I tried to think about how this could work and here is an idea:
- Null bytes would be used as start/end markers in order to make suffix queries possible (
*foobar
) and prefix queries faster (foobar*
). - Content would be indexed with a ngram tokenizer that has a fixed gram size, e.g. 5 (could be configurable). It would be used to return a good approximation of the matches of the wildcard query.
- Doc values would store the original value and could be used for a two-phase verification.
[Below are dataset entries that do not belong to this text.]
(* For $i\in\mathbb{Z}_{>0}$ and $\epsilon>0$, the inclusion $\mathbb{CP}^n\times\mathbb{CP}^n\times\{i\pi+\epsilon\}\to Z_i$ is a homotopy equivalence.
   Context: $\mathbb{CP}^n$ has the Fubini–Study metric (Kähler form $\sum2\sqrt{-1}h_{ij}dz_i\wedge d\bar z_j$, $h_{ij}=\frac{(1+\sum_k|z_k|^2)\delta_{ij}-\bar z_iz_j}{(1+\sum_k|z_k|^2)^2}$), geodesic distance $\mathrm{dist}$, diameter $\pi$. For $x\in\mathbb{CP}^n$, $D_x=\{y\mid\mathrm{dist}(x,y)=\pi\}$. For $i>0$, $Z_i\subset\mathbb{CP}^n\times\mathbb{CP}^n\times\mathbb{R}$ is $\{(x,y,t)\mid\mathrm{dist}(x,y)<t-(i-1)\pi\}$ if $i$ is odd and $\{(x,y,t)\mid\mathrm{dist}(x,D_y)<t-(i-1)\pi\}$ if $i$ is even. *)

theory Defs
  imports "HOL-Analysis.Analysis"
begin

text \<open>Model of CP^n: a point [u] (u a unit vector of C^(n+1), the index type 'n having
  n+1 elements) is represented by the rank-one orthogonal projection u u^*.\<close>

definition proj_of :: "complex^'n \<Rightarrow> complex^'n^'n" where
  "proj_of u = (\<chi> i j. u $ i * cnj (u $ j))"

definition CP :: "(complex^'n^'n) set" where
  "CP = {P. \<exists>u. norm u = 1 \<and> P = proj_of u}"

text \<open>Fubini-Study geodesic distance, normalised so that the diameter is pi:
  dist([u],[v]) = 2 arccos |<u,v>| for unit u, v; note trace (uu^* vv^*) = |<u,v>|^2.\<close>

definition fs_dist :: "complex^'n^'n \<Rightarrow> complex^'n^'n \<Rightarrow> real" where
  "fs_dist P Q = 2 * arccos (sqrt (Re (trace (P ** Q))))"

definition Dset :: "complex^'n^'n \<Rightarrow> (complex^'n^'n) set" where
  "Dset x = {y \<in> CP. fs_dist x y = pi}"

definition fs_setdist :: "complex^'n^'n \<Rightarrow> (complex^'n^'n) set \<Rightarrow> real" where
  "fs_setdist x A = Inf (fs_dist x ` A)"

definition Zset :: "nat \<Rightarrow> ((complex^'n^'n) \<times> (complex^'n^'n) \<times> real) set" where
  "Zset i = {(x, y, t) | x y t. x \<in> CP \<and> y \<in> CP \<and>
      (if odd i then fs_dist x y < t - (real i - 1) * pi
       else fs_setdist x (Dset y) < t - (real i - 1) * pi)}"

definition homotopy_equivalence_map ::
  "'a topology \<Rightarrow> 'b topology \<Rightarrow> ('a \<Rightarrow> 'b) \<Rightarrow> bool" where
  "homotopy_equivalence_map X Y f \<longleftrightarrow> continuous_map X Y f \<and>
     (\<exists>g. continuous_map Y X g \<and>
          homotopic_with (\<lambda>_. True) X X (g \<circ> f) id \<and>
          homotopic_with (\<lambda>_. True) Y Y (f \<circ> g) id)"

end

(* The Fubini-Study distance is at most pi, and D_y is nonempty (it contains any point
   orthogonal to y), so both dist(x, y) and dist(x, D_y) are at most pi.  Hence every fibre of
   Z_i over a point (x, y) of CP^n x CP^n is an open ray in t containing i pi + epsilon, and the
   straight-line homotopy in t deformation retracts Z_i onto the slice t = i pi + epsilon. *)

theory Submission
  imports Defs
begin

lemma homotopy_equivalence_map_inclusion_of_deformation_retract:
  assumes "A \<subseteq> topspace X"
    and "continuous_map X (subtopology X A) r"
    and "\<And>x. x \<in> A \<Longrightarrow> r x = x"
    and "homotopic_with (\<lambda>_. True) X X r id"
  shows "homotopy_equivalence_map (subtopology X A) X id"
  unfolding homotopy_equivalence_map_def
proof (intro conjI exI)
  show "continuous_map (subtopology X A) X id"
    by (simp add: continuous_map_from_subtopology)
  show "continuous_map X (subtopology X A) r" by fact
  show "homotopic_with (\<lambda>_. True) (subtopology X A) (subtopology X A) (r \<circ> id) id"
    using assms(1,3) by (intro homotopic_with_id2) auto
  show "homotopic_with (\<lambda>_. True) X X (id \<circ> r) id"
    using assms(4) by simp
qed

lemma homotopy_equivalence_map_slice_inclusion:
  fixes S :: "'a::real_normed_vector set" and S' :: "'b::real_normed_vector set"
    and c :: "'a \<Rightarrow> 'b \<Rightarrow> real"
  assumes below: "\<And>x y. x \<in> S \<Longrightarrow> y \<in> S' \<Longrightarrow> c x y < T"
  shows "homotopy_equivalence_map (top_of_set (S \<times> S' \<times> {T}))
           (top_of_set {(x, y, t). x \<in> S \<and> y \<in> S' \<and> c x y < t}) id"
proof -
  define Z where "Z = {(x, y, t). x \<in> S \<and> y \<in> S' \<and> c x y < t}"
  define r where "r = (\<lambda>(x::'a, y::'b, t::real). (x, y, T))"
  have slice_sub: "S \<times> S' \<times> {T} \<subseteq> Z"
    using below by (auto simp: Z_def)
  have retraction: "continuous_map (top_of_set Z) (top_of_set (S \<times> S' \<times> {T})) r"
    by (auto simp: r_def Z_def case_prod_unfold intro!: continuous_intros)
  have "closed_segment (r p) p \<subseteq> Z" if "p \<in> Z" for p
  proof
    fix q assume "q \<in> closed_segment (r p) p"
    moreover obtain x y t where "p = (x, y, t)" "x \<in> S" "y \<in> S'" "c x y < t"
      using \<open>p \<in> Z\<close> by (auto simp: Z_def)
    moreover have "closed_segment T t \<subseteq> {c x y<..}"
      using below \<open>c x y < t\<close> \<open>x \<in> S\<close> \<open>y \<in> S'\<close> by (intro closed_segment_subset) auto
    ultimately show "q \<in> Z"
      by (auto simp: Z_def r_def closed_segment_def)
  qed
  then have deformation: "homotopic_with (\<lambda>_. True) (top_of_set Z) (top_of_set Z) r id"
    by (intro homotopic_with_linear) (auto simp: r_def case_prod_unfold intro!: continuous_intros)
  have "homotopy_equivalence_map (subtopology (top_of_set Z) (S \<times> S' \<times> {T})) (top_of_set Z) id"
    using slice_sub retraction deformation
    by (intro homotopy_equivalence_map_inclusion_of_deformation_retract)
       (auto simp: subtopology_subtopology Int_absorb1 r_def)
  then show ?thesis
    using slice_sub by (simp add: subtopology_subtopology Int_absorb1 Z_def)
qed

definition herm_inner :: "complex^'n \<Rightarrow> complex^'n \<Rightarrow> complex" where
  "herm_inner u v = (\<Sum>j\<in>UNIV. cnj (u$j) * v$j)"

lemma Re_herm_inner: "Re (herm_inner u v) = inner u v"
  by (simp add: herm_inner_def inner_vec_def inner_complex_def)

lemma Im_herm_inner: "Im (herm_inner u v) = inner (\<chi> j. \<i> * u$j) v"
  by (simp add: herm_inner_def inner_vec_def inner_complex_def algebra_simps)

lemma norm_herm_inner_le:
  fixes u v :: "complex^'n"
  shows "cmod (herm_inner u v) \<le> norm u * norm v"
proof -
  define a :: "real^'n" where "a = (\<chi> j. cmod (u$j))"
  define b :: "real^'n" where "b = (\<chi> j. cmod (v$j))"
  have "cmod (herm_inner u v) \<le> (\<Sum>j\<in>UNIV. cmod (cnj (u$j) * v$j))"
    unfolding herm_inner_def by (rule norm_sum)
  also have "\<dots> = inner a b"
    by (simp add: a_def b_def inner_vec_def norm_mult)
  also have "\<dots> \<le> norm a * norm b"
    by (rule norm_cauchy_schwarz)
  also have "\<dots> = norm u * norm v"
    by (simp add: a_def b_def norm_vec_def)
  finally show ?thesis .
qed

lemma herm_orthogonal_unit_exists:
  fixes u :: "complex^'n"
  assumes "CARD('n) \<ge> 2"
  obtains v where "norm v = 1" "herm_inner u v = 0"
proof -
  \<comment> \<open>Hermitian orthogonality to u is real orthogonality to u and i u, and the real
    dimension 2 CARD('n) exceeds 2.\<close>
  have "dim {u, \<chi> j. \<i> * u$j} \<le> card {u, \<chi> j. \<i> * u$j}"
    by (rule dim_le_card') simp
  also have "\<dots> < DIM(complex^'n)"
    using assms by (simp add: card_insert_if)
  finally have "dim {u, \<chi> j. \<i> * u$j} < DIM(complex^'n)" .
  then obtain w where "w \<noteq> 0" and orth: "\<And>y. y \<in> span {u, \<chi> j. \<i> * u$j} \<Longrightarrow> orthogonal w y"
    by (rule orthogonal_to_subspace_exists) blast
  have "orthogonal w u" "orthogonal w (\<chi> j. \<i> * u$j)"
    by (simp_all add: orth span_base)
  then have "inner u w = 0" "inner (\<chi> j. \<i> * u$j) w = 0"
    by (simp_all add: orthogonal_def inner_commute)
  then have "herm_inner u w = 0"
    by (simp add: complex_eq_iff Re_herm_inner Im_herm_inner)
  moreover have "herm_inner u (w /\<^sub>R norm w) = herm_inner u w /\<^sub>R norm w"
    by (simp add: herm_inner_def scaleR_sum_right)
  ultimately have "herm_inner u (w /\<^sub>R norm w) = 0"
    by simp
  with \<open>w \<noteq> 0\<close> show thesis
    by (intro that[of "w /\<^sub>R norm w"]) auto
qed

lemma trace_proj_of_mult:
  "trace (proj_of u ** proj_of v) = of_real ((cmod (herm_inner u v))\<^sup>2)"
proof -
  have "trace (proj_of u ** proj_of v)
      = (\<Sum>i\<in>UNIV. \<Sum>k\<in>UNIV. u$i * cnj (u$k) * (v$k * cnj (v$i)))"
    by (simp add: trace_def matrix_matrix_mult_def proj_of_def)
  also have "\<dots> = (\<Sum>k\<in>UNIV. \<Sum>i\<in>UNIV. (cnj (u$k) * v$k) * cnj (cnj (u$i) * v$i))"
    by (subst sum.swap) (simp add: algebra_simps)
  also have "\<dots> = herm_inner u v * cnj (herm_inner u v)"
    by (simp add: herm_inner_def sum_product)
  finally show ?thesis
    by (simp only: complex_mult_cnj cmod_power2)
qed

lemma fs_dist_proj_of: "fs_dist (proj_of u) (proj_of v) = 2 * arccos (cmod (herm_inner u v))"
  by (simp add: fs_dist_def trace_proj_of_mult)

lemma fs_dist_CP_bounds:
  assumes "x \<in> CP" "y \<in> CP"
  shows "0 \<le> fs_dist x y" "fs_dist x y \<le> pi"
proof -
  obtain u v where "norm u = 1" "x = proj_of u" "norm v = 1" "y = proj_of v"
    using assms unfolding CP_def by auto
  moreover have "cmod (herm_inner u v) \<le> 1"
    using norm_herm_inner_le[of u v] \<open>norm u = 1\<close> \<open>norm v = 1\<close> by simp
  moreover have "-1 \<le> cmod (herm_inner u v)"
    by (rule order_trans[OF _ norm_ge_zero]) simp
  ultimately show "0 \<le> fs_dist x y" "fs_dist x y \<le> pi"
    using arccos_lbound[of "cmod (herm_inner u v)"] arccos_le_pi2[of "cmod (herm_inner u v)"]
    by (simp_all add: fs_dist_proj_of)
qed

lemma Dset_nonempty:
  assumes "CARD('n) \<ge> 2" and "(y :: complex^'n^'n) \<in> CP"
  shows "Dset y \<noteq> {}"
proof -
  obtain u where "norm u = 1" "y = proj_of u"
    using assms(2) unfolding CP_def by auto
  moreover obtain v where "norm v = 1" "herm_inner u v = 0"
    using herm_orthogonal_unit_exists[OF assms(1)] .
  ultimately have "proj_of v \<in> Dset y"
    by (auto simp: Dset_def CP_def fs_dist_proj_of)
  then show ?thesis by blast
qed

lemma fs_setdist_le_pi:
  assumes "x \<in> CP" "A \<subseteq> CP" "A \<noteq> {}"
  shows "fs_setdist x A \<le> pi"
proof -
  obtain a where "a \<in> A"
    using assms(3) by blast
  have "bdd_below (fs_dist x ` A)"
    using assms(1,2) fs_dist_CP_bounds(1) by (intro bdd_belowI[of _ 0]) blast
  then have "fs_setdist x A \<le> fs_dist x a"
    unfolding fs_setdist_def using \<open>a \<in> A\<close> by (simp add: cInf_lower)
  also have "\<dots> \<le> pi"
    using assms \<open>a \<in> A\<close> fs_dist_CP_bounds(2) by blast
  finally show ?thesis .
qed

theorem lemma4p2:
  fixes i :: nat and \<epsilon> :: real
  assumes "CARD('n) \<ge> 2"
    and "i > 0" and "\<epsilon> > 0"
  shows "homotopy_equivalence_map
           (top_of_set (CP \<times> CP \<times> {real i * pi + \<epsilon>}))
           (top_of_set (Zset i :: ((complex^'n^'n) \<times> (complex^'n^'n) \<times> real) set))
           id"
proof -
  define c :: "complex^'n^'n \<Rightarrow> complex^'n^'n \<Rightarrow> real" where
    "c x y = (if odd i then fs_dist x y else fs_setdist x (Dset y)) + (real i - 1) * pi" for x y
  have "Zset i = {(x, y, t). x \<in> CP \<and> y \<in> CP \<and> c x y < t}"
    unfolding Zset_def c_def by (cases "odd i") auto
  moreover have "c x y < real i * pi + \<epsilon>" if "x \<in> CP" "y \<in> CP" for x y
  proof -
    have "fs_setdist x (Dset y) \<le> pi"
      using that Dset_nonempty[OF assms(1)] by (intro fs_setdist_le_pi) (auto simp: Dset_def)
    then show ?thesis
      using fs_dist_CP_bounds(2)[OF that] \<open>\<epsilon> > 0\<close> by (simp add: c_def algebra_simps)
  qed
  ultimately show ?thesis
    by (simp only:) (rule homotopy_equivalence_map_slice_inclusion)
qed

end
Here are some example queries and how they would run internally with this setup:
Query | Approximation | Two-phase verification | Note |
---|---|---|---|
*foobar* |
fooba AND oobar |
Check positions | Like a phrase query |
foobar* |
\0foob AND fooba AND oobar |
Check positions | We could skip the middle term like Lucene's NGramPhraseQuery |
*foobar |
fooba AND oobar AND obar\0 |
Check positions | We could skip the middle term like Lucene's NGramPhraseQuery |
*foo* |
*foo* |
Always returns true | Need a wildcard query because the substring is shorter than the gram size |
foo* |
\0foo* |
Always returns true | Need a wildcard query because the substring is shorter than the gram size |
*foo |
*foo\0 |
Always returns true | Need a wildcard query because the substring is shorter than the gram size |
foobar |
\0foob AND fooba AND oobar AND obar\0 |
Check positions | We could skip the middle terms like Lucene's NGramPhraseQuery |
*foobar*quux* |
fooba AND oobar |
Check doc values | We don't want to run a wildcard query on *quux* , the approximation we have might be selective enough already |
Notes:
- This might be quite space-intensive on long fields.
Questions:
- Are there other ways it could work?
- What is a good default gram size?
- How much more space does it require compared to
keyword
indexing? - Should it be an option on
text
/keyword
fields or a new field? This way of indexing allows to run exact queries too so we wouldn't need to index as a keyword too in addition to these ngrams. - Should we index positions? Whenever we check positions above, we could also check doc values instead.
- Should we use BINARY or SORTED doc values? BINARY feels more appropriate for the access pattern described above, but compression would be terrible.